(* The linear operator $\bar P:\text{Ш}_e(A)\bar\otimes\text{Ш}_e(A)\to\text{Ш}_e(A)\bar\otimes\text{Ш}_e(A)$, $$\bar P(\mathfrak{a}\bar\otimes\mathfrak{b})=P_e(\mathfrak{a})\bar\otimes\varepsilon_e(\mathfrak{b})1_A+\mu\,\mathfrak{a}\bar\otimes\varepsilon_e(\mathfrak{b})1_A+\mathfrak{a}\bar\otimes P_e(\mathfrak{b}),$$ is an extended Rota-Baxter operator of weight $(\lambda,\kappa)$ on the commutative algebra $\text{Ш}_e(A)\bar\otimes\text{Ш}_e(A)$.
   Context: $\mathbf{k}$ is a commutative unitary ring, $\lambda,\kappa\in\mathbf{k}$, and $\mu\in\mathbf{k}$ a root of $t^2-\lambda t+\kappa$. An extended Rota-Baxter operator of weight $(\lambda,\kappa)$ on an algebra $R$ is a linear $P$ with $P(x)P(y)=P(xP(y))+P(P(x)y)+\lambda P(xy)+\kappa xy$. $A=(A,m_A,\mu_A,\Delta_A,\varepsilon_A)$ is a commutative bialgebra and $(\text{Ш}_e(A),\diamond,P_e,j_A)$ the free commutative extended Rota-Baxter algebra of weight $(\lambda,\kappa)$ on $A$: $\text{Ш}_e(A)=\bigoplus_{n\ge1}A^{\otimes n}$, $P_e(\mathfrak{a})=1_A\otimes\mathfrak{a}$, with product $\diamond$ defined recursively by $a_0\diamond b_0=a_0b_0$, $a_0\diamond(b_0\otimes\mathfrak{b}')=a_0b_0\otimes\mathfrak{b}'$, $(a_0\otimes\mathfrak{a}')\diamond b_0=a_0b_0\otimes\mathfrak{a}'$, and $(a_0\otimes\mathfrak{a}')\diamond(b_0\otimes\mathfrak{b}')=a_0b_0\otimes(\mathfrak{a}'\diamond(1_A\otimes\mathfrak{b}')+(1_A\otimes\mathfrak{a}')\diamond\mathfrak{b}'+\lambda\mathfrak{a}'\diamond\mathfrak{b}')+\kappa a_0b_0(\mathfrak{a}'\diamond\mathfrak{b}')$. $\varepsilon_e:\text{Ш}_e(A)\to\mathbf{k}$ is the unique extended Rota-Baxter algebra homomorphism with $\varepsilon_e\circ j_A=\varepsilon_A$ and $\varepsilon_e\circ P_e=-\mu\,\varepsilon_e$. $\bar\otimes$ denotes the tensor product between copies of $\text{Ш}_e(A)$ (to distinguish it from the tensor inside $\text{Ш}_e(A)$); $\text{Ш}_e(A)\bar\otimes\text{Ш}_e(A)$ has the componentwise product. *)

theory Defs
  imports Complex_Main
begin

definition comm_kalg :: "('k::comm_ring_1 \<Rightarrow> 'r::comm_ring_1 \<Rightarrow> 'r) \<Rightarrow> bool" where
  "comm_kalg s \<longleftrightarrow> module s \<and> (\<forall>c x y. s c (x * y) = s c x * y)"

definition kalg_hom ::
  "('k::comm_ring_1 \<Rightarrow> 'r::comm_ring_1 \<Rightarrow> 'r) \<Rightarrow> ('k \<Rightarrow> 's::comm_ring_1 \<Rightarrow> 's) \<Rightarrow> ('r \<Rightarrow> 's) \<Rightarrow> bool" where
  "kalg_hom s1 s2 f \<longleftrightarrow> module_hom s1 s2 f \<and> (\<forall>x y. f (x * y) = f x * f y) \<and> f 1 = 1"

definition ext_RB_op ::
  "('k::comm_ring_1 \<Rightarrow> 'r::comm_ring_1 \<Rightarrow> 'r) \<Rightarrow> 'k \<Rightarrow> 'k \<Rightarrow> ('r \<Rightarrow> 'r) \<Rightarrow> bool" where
  "ext_RB_op s lam kap P \<longleftrightarrow> module_hom s s P \<and>
     (\<forall>x y. P x * P y = P (x * P y) + P (P x * y) + s lam (P (x * y)) + s kap (x * y))"

end

(*
  Put Q = P_e + mu id.  Because mu is a root of t^2 - lam t + kap, Q is a Rota-Baxter operator
  of weight (lam - 2 mu, 0), and Pbar (a (x) b) = eps_e(b) Q(a) (x) 1 + a (x) P_e(b).  On pure
  tensors the extended Rota-Baxter identity for Pbar therefore splits into the identity for Q in
  the first factor, scaled by eps_e(b) eps_e(d) (the cross terms use eps_e(b P_e(d)) =
  -mu eps_e(b) eps_e(d)), and the identity for P_e in the second factor.  The defect of the
  identity is bilinear and symmetric, and pure tensors span, so it vanishes everywhere.
*)

theory Submission
  imports Defs
begin

definition algebra_map :: "('k::comm_ring_1 \<Rightarrow> 'r::comm_ring_1 \<Rightarrow> 'r) \<Rightarrow> 'k \<Rightarrow> 'r" where
  "algebra_map s c = s c 1"

lemma comm_kalg_module: "comm_kalg s \<Longrightarrow> module s"
  by (simp add: comm_kalg_def)

lemma comm_kalg_scale_eq_mult: "comm_kalg s \<Longrightarrow> s c x = algebra_map s c * x"
  unfolding comm_kalg_def algebra_map_def by (metis mult_1)

lemma algebra_map_zero: "comm_kalg s \<Longrightarrow> algebra_map s 0 = 0"
  by (simp add: algebra_map_def comm_kalg_module module.scale_zero_left)

lemma algebra_map_one: "comm_kalg s \<Longrightarrow> algebra_map s 1 = 1"
  by (simp add: algebra_map_def comm_kalg_module module.scale_one)

lemma algebra_map_add: "comm_kalg s \<Longrightarrow> algebra_map s (c + d) = algebra_map s c + algebra_map s d"
  by (simp add: algebra_map_def comm_kalg_module module.scale_left_distrib)

lemma algebra_map_diff: "comm_kalg s \<Longrightarrow> algebra_map s (c - d) = algebra_map s c - algebra_map s d"
  by (simp add: algebra_map_def comm_kalg_module module.scale_left_diff_distrib)

lemma algebra_map_minus: "comm_kalg s \<Longrightarrow> algebra_map s (- c) = - algebra_map s c"
  by (simp add: algebra_map_def comm_kalg_module module.scale_minus_left)

lemma algebra_map_mult: "comm_kalg s \<Longrightarrow> algebra_map s (c * d) = algebra_map s c * algebra_map s d"
  by (metis algebra_map_def comm_kalg_module comm_kalg_scale_eq_mult module.scale_scale)

lemma algebra_map_two: "comm_kalg s \<Longrightarrow> algebra_map s 2 = 2"
  using algebra_map_add[of s 1 1] by (simp add: algebra_map_one)

lemma module_hom_mult_left: "comm_kalg s \<Longrightarrow> module_hom s s (\<lambda>x. a * x)"
  by (simp add: module_hom_iff comm_kalg_module comm_kalg_scale_eq_mult distrib_left mult.left_commute)

definition ext_RB_defect ::
  "('k::comm_ring_1 \<Rightarrow> 'r::comm_ring_1 \<Rightarrow> 'r) \<Rightarrow> 'k \<Rightarrow> 'k \<Rightarrow> ('r \<Rightarrow> 'r) \<Rightarrow> 'r \<Rightarrow> 'r \<Rightarrow> 'r" where
  "ext_RB_defect s lam kap P x y =
     P x * P y - (P (x * P y) + P (P x * y) + s lam (P (x * y)) + s kap (x * y))"

lemma ext_RB_op_iff_defect:
  "ext_RB_op s lam kap P \<longleftrightarrow> module_hom s s P \<and> (\<forall>x y. ext_RB_defect s lam kap P x y = 0)"
  by (simp add: ext_RB_op_def ext_RB_defect_def)

lemma ext_RB_defect_commute: "ext_RB_defect s lam kap P x y = ext_RB_defect s lam kap P y x"
  by (simp add: ext_RB_defect_def ac_simps)

lemma module_hom_ext_RB_defect:
  assumes s: "comm_kalg s" and P: "module_hom s s P"
  shows "module_hom s s (ext_RB_defect s lam kap P x)"
proof -
  interpret module_pair s s
    using s by (simp add: module_pair_def comm_kalg_module)
  have mult: "module_hom s s (\<lambda>y. a * y)" for a
    using s by (rule module_hom_mult_left)
  have "module_hom s s (\<lambda>y. P x * P y - (P (x * P y) + P (P x * y) + s lam (P (x * y)) + s kap (x * y)))"
    by (intro module_hom_sub module_hom_add module_hom_scale
          module_hom_compose[OF P mult, unfolded o_def]
          module_hom_compose[OF _ P, unfolded o_def] module_hom_compose[OF mult P, unfolded o_def]
          mult P)
  then show ?thesis
    by (simp add: ext_RB_defect_def[abs_def])
qed

lemma ext_RB_op_on_spanning_set:
  assumes s: "comm_kalg s" and P: "module_hom s s P" and S: "module.span s S = UNIV"
    and RB_S: "\<And>x y. x \<in> S \<Longrightarrow> y \<in> S \<Longrightarrow> ext_RB_defect s lam kap P x y = 0"
  shows "ext_RB_op s lam kap P"
proof -
  interpret module_pair s s
    using s by (simp add: module_pair_def comm_kalg_module)
  have defect_vanishes: "ext_RB_defect s lam kap P x y = 0"
    if "\<And>y. y \<in> S \<Longrightarrow> ext_RB_defect s lam kap P x y = 0" for x y
    using module_hom_eq_on_span[OF module_hom_ext_RB_defect[OF s P] module_hom_zero, where B=S and x=y]
      that S by simp
  have on_S: "ext_RB_defect s lam kap P x y = 0" if "x \<in> S" for x y
    by (rule defect_vanishes) (rule RB_S[OF that])
  have "ext_RB_defect s lam kap P x y = 0" for x y
    by (rule defect_vanishes) (subst ext_RB_defect_commute, rule on_S)
  with P show ?thesis
    by (simp add: ext_RB_op_iff_defect)
qed

lemma ext_RB_identity_shift:
  fixes P :: "'r::comm_ring_1 \<Rightarrow> 'r"
  assumes P_add: "\<And>x y. P (x + y) = P x + P y" and P_scale: "\<And>x. P (m * x) = m * P x"
    and RB: "P x * P y = P (x * P y) + P (P x * y) + l * P (x * y) + (l * m - m * m) * (x * y)"
  shows "(P x + m * x) * (P y + m * y) =
    P (x * (P y + m * y)) + m * (x * (P y + m * y)) + (P ((P x + m * x) * y) + m * ((P x + m * x) * y))
    + (l - 2 * m) * (P (x * y) + m * (x * y))"
proof -
  have left: "P (x * (P y + m * y)) = P (x * P y) + m * P (x * y)"
    by (simp only: distrib_left P_add mult.left_commute[of x] P_scale)
  have right: "P ((P x + m * x) * y) = P (P x * y) + m * P (x * y)"
    by (simp only: distrib_right P_add mult.assoc P_scale)
  have "(P x + m * x) * (P y + m * y) = P x * P y + m * (x * P y) + m * (P x * y) + m * m * (x * y)"
    by (simp add: algebra_simps)
  also have "\<dots> = P (x * P y) + P (P x * y) + l * P (x * y) + (l * m - m * m) * (x * y)
      + m * (x * P y) + m * (P x * y) + m * m * (x * y)"
    unfolding RB ..
  also have "\<dots> = P (x * (P y + m * y)) + m * (x * (P y + m * y))
      + (P ((P x + m * x) * y) + m * ((P x + m * x) * y)) + (l - 2 * m) * (P (x * y) + m * (x * y))"
    unfolding left right by (simp add: algebra_simps)
  finally show ?thesis .
qed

======

What the task asks: What is needed is a word-for-word restatement of every line from the one with "by (simp only: distrib_right" to the end of the entries above.

Output for this task:
    by (simp only: distrib_right P_add mult.assoc P_scale)
  have "(P x + m * x) * (P y + m * y) = P x * P y + m * (x * P y) + m * (P x * y) + m * m * (x * y)"
    by (simp add: algebra_simps)
  also have "\<dots> = P (x * P y) + P (P x * y) + l * P (x * y) + (l * m - m * m) * (x * y)
      + m * (x * P y) + m * (P x * y) + m * m * (x * y)"
    unfolding RB ..
  also have "\<dots> = P (x * (P y + m * y)) + m * (x * (P y + m * y))
      + (P ((P x + m * x) * y) + m * ((P x + m * x) * y)) + (l - 2 * m) * (P (x * y) + m * (x * y))"
    unfolding left right by (simp add: algebra_simps)
  finally show ?thesis .
qed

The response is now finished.